Scottish independence: Referendum to be held on 18 September, 2014

By Andrew Black
Political reporter, BBC Scotland

Media caption,
The date of the referendum on Scottish independence is announced by First Minister Alex Salmond

The Scottish independence referendum will be held on 18 September 2014, First Minister Alex Salmond has said.

He revealed the date as draft legislation on holding the vote was brought before the Scottish Parliament.

Voters will be asked the yes/no question, "Should Scotland be an independent country?"

The Scottish government said it was a historic day, but opposition parties accused the SNP of keeping voters in the dark for too long.

Scots ministers previously only said the referendum would take place in autumn 2014.

Announcing the date while speaking in the Scottish Parliament in Edinburgh, Mr Salmond said: "It's worth reflecting, just for a moment, on the privilege this nation and this generation will have - nothing less than choosing the future course of our country.

"We have been on a journey since 1999, since the restoration of our parliament here in the heart of our ancient capital.

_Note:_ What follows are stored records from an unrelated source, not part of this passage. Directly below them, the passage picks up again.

lemma caratheodory_hull_dist:
  fixes x :: "'i \<Rightarrow> 'd::euclidean_space"
  assumes "finite I" "I \<noteq> {}"
  obtains T where "T \<subseteq> I" "T \<noteq> {}" "card T \<le> DIM('d) + 1" "hull_dist T x \<le> hull_dist I x"
proof -
  define p where "p = closest_point (convex hull (x ` I)) 0"
  have p: "p \<in> convex hull (x ` I)" "norm p = hull_dist I x"
    unfolding p_def using assms by (rule closest_point_hull)+
  then obtain S where S: "finite S" "S \<subseteq> x ` I" "card S \<le> DIM('d) + 1" "p \<in> convex hull S"
    using caratheodory[of "x ` I"] by blast
  then obtain T where T: "T \<subseteq> I" "S = x ` T" "card T = card S"
    by (metis card_image subset_image_inj)
  have "hull_dist T x \<le> hull_dist I x"
    using hull_dist_le_norm[of p x T] S(4) T(2) p(2) by simp
  moreover have "T \<noteq> {}" using S(4) T(2) by auto
  ultimately show ?thesis using that T S(3) by auto
qed

lemma (in prob_space) prob_greater_le_of_mean_zero:
  fixes Z :: "'a \<Rightarrow> real"
  assumes Z: "integrable M Z" "expectation Z = 0"
    and lower: "AE \<omega> in M. - b \<le> Z \<omega>" and "0 \<le> b" "0 < r"
  shows "prob {\<omega> \<in> space M. r < Z \<omega>} \<le> b / (b + r)"
proof -
  have [measurable]: "Z \<in> borel_measurable M" using Z(1) by auto
  have "prob {\<omega> \<in> space M. r < Z \<omega>} \<le> prob {\<omega> \<in> space M. r + b \<le> Z \<omega> + b}"
    by (rule finite_measure_mono) auto
  also have "\<dots> \<le> (\<integral>\<omega>. Z \<omega> + b \<partial>M) / (r + b)"
    using lower assms(4,5) by (intro integral_Markov_inequality_measure[where A = "space M"]) (auto simp: Z)
  also have "(\<integral>\<omega>. Z \<omega> + b \<partial>M) = b"
    using Z by (simp add: prob_space)
  finally show ?thesis by (simp add: add.commute)
qed

lemma (in prob_space) prob_halfspace_le:
  fixes X :: "'a \<Rightarrow> 'd::euclidean_space"
  assumes X: "X \<in> borel_measurable M" "integrable M X" "expectation X = 0"
    and bounded: "AE \<omega> in M. norm (X \<omega>) \<le> b" and "0 \<le> b" "0 < r" "norm u = 1"
  shows "measure (distr M borel X) {y. r < u \<bullet> y} \<le> b / (b + r)"
proof -
  have "measure (distr M borel X) {y. r < u \<bullet> y} = prob {\<omega> \<in> space M. r < u \<bullet> X \<omega>}"
    using X(1) by (subst measure_distr) (auto intro: arg_cong[where f = prob])
  also have "\<dots> \<le> b / (b + r)"
  proof (rule prob_greater_le_of_mean_zero)
    show "integrable M (\<lambda>\<omega>. u \<bullet> X \<omega>)" "expectation (\<lambda>\<omega>. u \<bullet> X \<omega>) = 0"
      using X by simp_all
    show "AE \<omega> in M. - b \<le> u \<bullet> X \<omega>"
      using bounded
    proof eventually_elim
      case (elim \<omega>)
      then show ?case
        using Cauchy_Schwarz_ineq2[of u "X \<omega>"] \<open>norm u = 1\<close> by auto
    qed
    show "0 \<le> b" "0 < r" by fact+
  qed
  finally show ?thesis .
qed

lemma measure_PiM_le_of_sections:
  fixes M :: "'i \<Rightarrow> 'a measure"
  assumes M: "\<And>i. prob_space (M i)"
    and JK: "J \<inter> K = {}" "finite J" "finite K"
    and E: "E \<in> sets (Pi\<^sub>M (J \<union> K) M)"
    and section_bound: "\<And>a. a \<in> space (Pi\<^sub>M J M) \<Longrightarrow>
      measure (Pi\<^sub>M K M) {b \<in> space (Pi\<^sub>M K M). merge J K (a, b) \<in> E} \<le> c"
  shows "measure (Pi\<^sub>M (J \<union> K) M) E \<le> c"
proof -
  interpret product_sigma_finite M
    unfolding product_sigma_finite_def using M by (simp add: prob_space_imp_sigma_finite)
  interpret PJ: prob_space "Pi\<^sub>M J M" by (rule prob_space_PiM) (use M in auto)
  interpret PK: prob_space "Pi\<^sub>M K M" by (rule prob_space_PiM) (use M in auto)
  interpret PJK: prob_space "Pi\<^sub>M (J \<union> K) M" by (rule prob_space_PiM) (use M in auto)
  let ?PP = "Pi\<^sub>M J M \<Otimes>\<^sub>M Pi\<^sub>M K M"
  have merge: "merge J K \<in> measurable ?PP (Pi\<^sub>M (J \<union> K) M)"
    by (rule measurable_merge)
  define A where "A = merge J K -` E \<inter> space ?PP"
  have A: "A \<in> sets ?PP" unfolding A_def using merge E by (rule measurable_sets)
  obtain a where "a \<in> space (Pi\<^sub>M J M)" using PJ.not_empty by blast
  then have "0 \<le> c" using section_bound[of a] measure_nonneg order_trans by blast
  have "emeasure (Pi\<^sub>M (J \<union> K) M) E = emeasure (distr ?PP (Pi\<^sub>M (J \<union> K) M) (merge J K)) E"
    by (simp only: distr_merge[OF JK])
  also have "\<dots> = emeasure ?PP A"
    unfolding A_def using merge E by (rule emeasure_distr)
  also have "\<dots> = (\<integral>\<^sup>+a. emeasure (Pi\<^sub>M K M) (Pair a -` A) \<partial>Pi\<^sub>M J M)"
    by (rule PK.emeasure_pair_measure_alt[OF A])
  also have "\<dots> \<le> (\<integral>\<^sup>+a. ennreal c \<partial>Pi\<^sub>M J M)"
  proof (rule nn_integral_mono)
    fix a assume a: "a \<in> space (Pi\<^sub>M J M)"
    then have "Pair a -` A = {b \<in> space (Pi\<^sub>M K M). merge J K (a, b) \<in> E}"
      by (auto simp: A_def space_pair_measure)
    then show "emeasure (Pi\<^sub>M K M) (Pair a -` A) \<le> ennreal c"
      using section_bound[OF a] by (simp add: PK.emeasure_eq_measure ennreal_leI)
  qed
  also have "\<dots> = ennreal c" by (simp add: PJ.emeasure_space_1)
  finally show ?thesis
    using \<open>0 \<le> c\<close> by (simp add: PJK.emeasure_eq_measure)
qed

lemma measurable_PiM_hull_dist:
  fixes \<mu> :: "'d::euclidean_space measure" and I J :: "'i::countable set"
  assumes "sets \<mu> = sets borel" "finite J"
  shows "hull_dist J \<in> borel_measurable (Pi\<^sub>M I (\<lambda>_. \<mu>))"
proof -
  have "sets (Pi\<^sub>M I (\<lambda>_. \<mu>)) = sets (Pi\<^sub>M I (\<lambda>_. borel))"
    using assms(1) by (intro sets_PiM_cong) auto
  then show ?thesis
    using measurable_hull_dist[OF assms(2), of I] measurable_cong_sets[OF _ refl] by blast
qed

lemma (in prob_space) measure_PiM_le_power_of_subset_PiE:
  assumes "finite K" "H \<in> sets M" "measure M H \<le> c" "S \<subseteq> Pi\<^sub>E K (\<lambda>_. H)"
  shows "measure (Pi\<^sub>M K (\<lambda>_. M)) S \<le> c ^ card K"
proof -
  interpret product_sigma_finite "\<lambda>_. M"
    by (simp add: product_sigma_finite_def prob_space_imp_sigma_finite prob_space_axioms)
  interpret PK: prob_space "Pi\<^sub>M K (\<lambda>_. M)"
    by (rule prob_space_PiM) (rule prob_space_axioms)
  have "measure (Pi\<^sub>M K (\<lambda>_. M)) S \<le> measure (Pi\<^sub>M K (\<lambda>_. M)) (Pi\<^sub>E K (\<lambda>_. H))"
    using assms(1,2,4) by (intro PK.finite_measure_mono sets_PiM_I_finite) auto
  also have "emeasure (Pi\<^sub>M K (\<lambda>_. M)) (Pi\<^sub>E K (\<lambda>_. H)) = ennreal (measure M H ^ card K)"
    using assms(1,2) by (simp add: emeasure_PiM emeasure_eq_measure ennreal_power)
  then have "measure (Pi\<^sub>M K (\<lambda>_. M)) (Pi\<^sub>E K (\<lambda>_. H)) = measure M H ^ card K"
    by (simp add: PK.emeasure_eq_measure)
  also have "\<dots> \<le> c ^ card K"
    using assms(3) by (intro power_mono) auto
  finally show ?thesis .
qed

lemma sets_PiM_hull_dist_unchanged:
  fixes \<mu> :: "'d::euclidean_space measure" and I J :: "'i::countable set"
  assumes "sets \<mu> = sets borel" "finite I" "finite J"
  shows "{x \<in> space (Pi\<^sub>M I (\<lambda>_. \<mu>)). r < hull_dist I x \<and> hull_dist J x \<le> hull_dist I x}
    \<in> sets (Pi\<^sub>M I (\<lambda>_. \<mu>))"
proof -
  have hull_I: "hull_dist I \<in> borel_measurable (Pi\<^sub>M I (\<lambda>_. \<mu>))"
    and hull_J: "hull_dist J \<in> borel_measurable (Pi\<^sub>M I (\<lambda>_. \<mu>))"
    using measurable_PiM_hull_dist[OF assms(1)] assms(2,3) by blast+
  have "{x \<in> space (Pi\<^sub>M I (\<lambda>_. \<mu>)). r < hull_dist I x \<and> hull_dist J x \<le> hull_dist I x}
    = {x \<in> space (Pi\<^sub>M I (\<lambda>_. \<mu>)). r < hull_dist I x}
      \<inter> {x \<in> space (Pi\<^sub>M I (\<lambda>_. \<mu>)). hull_dist J x \<le> hull_dist I x}"
    by auto
  then show ?thesis
    using borel_measurable_less[OF borel_measurable_const hull_I] borel_measurable_le[OF hull_J hull_I]
    by simp
qed

lemma merge_hull_dist_unchanged_imp_halfspace:
  fixes a b :: "'i \<Rightarrow> 'd::euclidean_space"
  assumes "finite (J \<union> K)" "J \<inter> K = {}" "J \<noteq> {}"
    and far: "r < hull_dist (J \<union> K) (merge J K (a, b))"
    and unchanged: "hull_dist J (merge J K (a, b)) \<le> hull_dist (J \<union> K) (merge J K (a, b))"
  shows "r < hull_dist J a"
    and "k \<in> K \<Longrightarrow> r < sgn (closest_point (convex hull (a ` J)) 0) \<bullet> b k"
proof -
  let ?x = "merge J K (a, b)"
  have image_J: "?x ` J = a ` J"
    by (rule image_cong) (simp_all add: merge_def)
  have "hull_dist (J \<union> K) ?x \<le> hull_dist J ?x"
    using assms(3) by (intro hull_dist_antimono) auto
  with far have "r < hull_dist J ?x" by simp
  then show "r < hull_dist J a"
    by (simp add: hull_dist_def image_J)
  assume "k \<in> K"
  then have "k \<in> J \<union> K" "?x k = b k" using assms(2) by (auto simp: merge_def)
  with \<open>r < hull_dist J ?x\<close> show "r < sgn (closest_point (convex hull (a ` J)) 0) \<bullet> b k"
    using hull_dist_unchanged_imp_halfspace[OF assms(1) _ assms(3) unchanged, of k]
    by (simp add: image_J)
qed

lemma measure_far_hull_dist_unchanged_le:
  fixes \<mu> :: "'d::euclidean_space measure" and I :: "'i::countable set"
  assumes \<mu>: "prob_space \<mu>" "sets \<mu> = sets borel"
    and halfspace: "\<And>u. norm u = 1 \<Longrightarrow> measure \<mu> {y. r < u \<bullet> y} \<le> c"
    and "0 < r" "finite I" "K \<subseteq> I" "K \<noteq> I"
  shows "measure (Pi\<^sub>M I (\<lambda>_. \<mu>))
      {x \<in> space (Pi\<^sub>M I (\<lambda>_. \<mu>)). r < hull_dist I x \<and> hull_dist (I - K) x \<le> hull_dist I x}
    \<le> c ^ card K"
proof -
  interpret \<mu>: prob_space \<mu> by (rule \<mu>(1))
  define J where "J = I - K"
  have JK: "J \<inter> K = {}" "J \<union> K = I" "finite J" "finite K" "J \<noteq> {}"
    using assms(5-7) by (auto simp: J_def intro: finite_subset)
  obtain e :: 'd where "e \<in> Basis" using nonempty_Basis by blast
  then have "0 \<le> c"
    using measure_nonneg halfspace[of e] by (rule_tac order_trans) auto
  let ?E = "{x \<in> space (Pi\<^sub>M I (\<lambda>_. \<mu>)). r < hull_dist I x \<and> hull_dist J x \<le> hull_dist I x}"
  have "measure (Pi\<^sub>M (J \<union> K) (\<lambda>_. \<mu>)) ?E \<le> c ^ card K"
  proof (rule measure_PiM_le_of_sections[OF \<mu>(1) JK(1,3,4)])
    show "?E \<in> sets (Pi\<^sub>M (J \<union> K) (\<lambda>_. \<mu>))"
      unfolding JK(2) using \<mu>(2) assms(5) JK(3) by (rule sets_PiM_hull_dist_unchanged)
  next
    fix a assume "a \<in> space (Pi\<^sub>M J (\<lambda>_. \<mu>))"
    let ?S = "{b \<in> space (Pi\<^sub>M K (\<lambda>_. \<mu>)). merge J K (a, b) \<in> ?E}"
    define u where "u = sgn (closest_point (convex hull (a ` J)) 0)"
    let ?H = "{y. r < u \<bullet> y}"
    have far: "r < hull_dist J a" and in_H: "b \<in> Pi\<^sub>E K (\<lambda>_. ?H)" if "b \<in> ?S" for b
    proof -
      have "r < hull_dist (J \<union> K) (merge J K (a, b))"
        and "hull_dist J (merge J K (a, b)) \<le> hull_dist (J \<union> K) (merge J K (a, b))"
        using that by (simp_all add: JK(2))
      note halfspace_merge = merge_hull_dist_unchanged_imp_halfspace[OF _ JK(1,5) this]
      show "r < hull_dist J a"
        using halfspace_merge(1) assms(5) JK(2) by simp
      show "b \<in> Pi\<^sub>E K (\<lambda>_. ?H)"
        using halfspace_merge(2) assms(5) JK(2) that by (auto simp: u_def space_PiM)
    qed
    show "measure (Pi\<^sub>M K (\<lambda>_. \<mu>)) ?S \<le> c ^ card K"
    proof (cases "?S = {}")
      case True
      then show ?thesis using \<open>0 \<le> c\<close> by (simp only:) simp
    next
      case False
      then have "r < hull_dist J a" using far by blast
      then have "norm u = 1"
        using closest_point_hull[OF JK(3,5), of a] \<open>0 < r\<close> by (auto simp: u_def norm_sgn)
      moreover have "?H \<in> sets \<mu>" unfolding \<mu>(2) by measurable
      ultimately show ?thesis
        using halfspace JK(4) in_H by (intro \<mu>.measure_PiM_le_power_of_subset_PiE) auto
    qed
  qed
  then show ?thesis
    unfolding JK(2) unfolding J_def .
qed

We've witnessed a growing confidence, an increase in democratic accountability.

"I'm honoured to announce that, on Thursday the 18th of September 2014, we will hold Scotland's referendum - a historic day when the people will decide Scotland's future."

Scottish ministers - who will publish their substantive case for independence in a white paper later this year - said a "Yes" vote would allow Scotland to use its natural assets to build a better country.

Scots opposition parties who support the Union - Labour, the Conservatives and Liberal Democrats, as well as the Westminster government - said Scotland was better off as part of the wider UK.

Mr Salmond said: "People will be able to choose if they want a Scotland that is independent and able to make her own decisions - with a Scottish Parliament that is responsible for making the most of Scotland's rich resources to benefit its communities and safeguard the welfare of our most vulnerable citizens and accountable for how we engage other nations around the world."

Media caption,
Referendum campaigns 'persuaders' get to work

MSPs will need to approve the arrangements for the vote in the Scottish Independence Referendum Bill, although the SNP's parliamentary majority means the passage of the legislation is assured.

The Scottish government said the bill would make sure that:

  • The referendum itself is preceded by a 16-week formal campaign period, during which limits will apply to the amount of money registered campaigners can spend, to ensure a level playing field for both sides of the debate.
  • The vote is overseen by the independent Electoral Commission watchdog, which is responsible for regulating campaign rules and informing the public about the referendum.
  • The ballot is conducted under the direction of a "chief counting officer", who will be responsible for appointing local counting officers.

Reacting to the date Johann Lamont, leader of Scottish Labour, said: "The truth is, Alex Salmond knows if he held the referendum now, he wouldn't just lose it, he would be routed.

"All the self-aggrandizement of today isn't just a sign of the first minister's usual pomposity.

"Making an occasion out of a delayed announcement is an attempt to con the people into believing that we have moved a step towards independence when we haven't."

Scottish Conservative leader Ruth Davidson welcomed the clarity provided by the date, adding: "I believe that, in September of next year, the people of Scotland will vote to stay within our United Kingdom.

"Recognising that the autonomy the Scottish Parliament has in areas such as health, social care education and justice, allied with the strength of being part of a larger UK family, the safety and security of our intelligence services, the international standing from our diplomatic corps and the advantages of being one of the largest economies in the planet means Scotland can make a positive choice for devolution - the very best of both worlds - not opt for separation."

Willie Rennie, the Scottish Liberal Democrat leader, told MSPs: "I'm sure the first minister is excited by today's events, but after all the build up, this looks like one of those occasions where the trailer's more exciting than the movie.

"It's taken the first minister almost 700 days to get the Cabinet to agree to the date of the referendum - why on earth does he think it will take him less time to break up the country?"

Green MSP Patrick Harvie, whose party supports independence, said: "Now we have the date for our diaries, the effort to persuade those who are undecided must focus on the needs of real people and not just those with loud voices and deep pockets."

Independent member Margo MacDonald, who also backs a "Yes" vote in 2014, said the level of debate must now be raised, telling the parliament: "This is about a country's soul - it's about your children and your grandchildren's standards and place in the world."

For the UK government, Scottish secretary Michael Moore welcomed news of the date, adding: "The debate about Scotland's future has already begun and will only intensify, and that is something I look forward to.

"I am confident when Scots go to the polls they will vote in favour of Scotland staying within a strong and secure UK family."

A special Scottish Parliament cross-party committee is to begin scrutinising the referendum legislation, and has asked interested individuals and organisations to submit their views.

The Scottish government has already introduced separate draft legislation to allow 16 and 17-year-olds to vote in the ballot.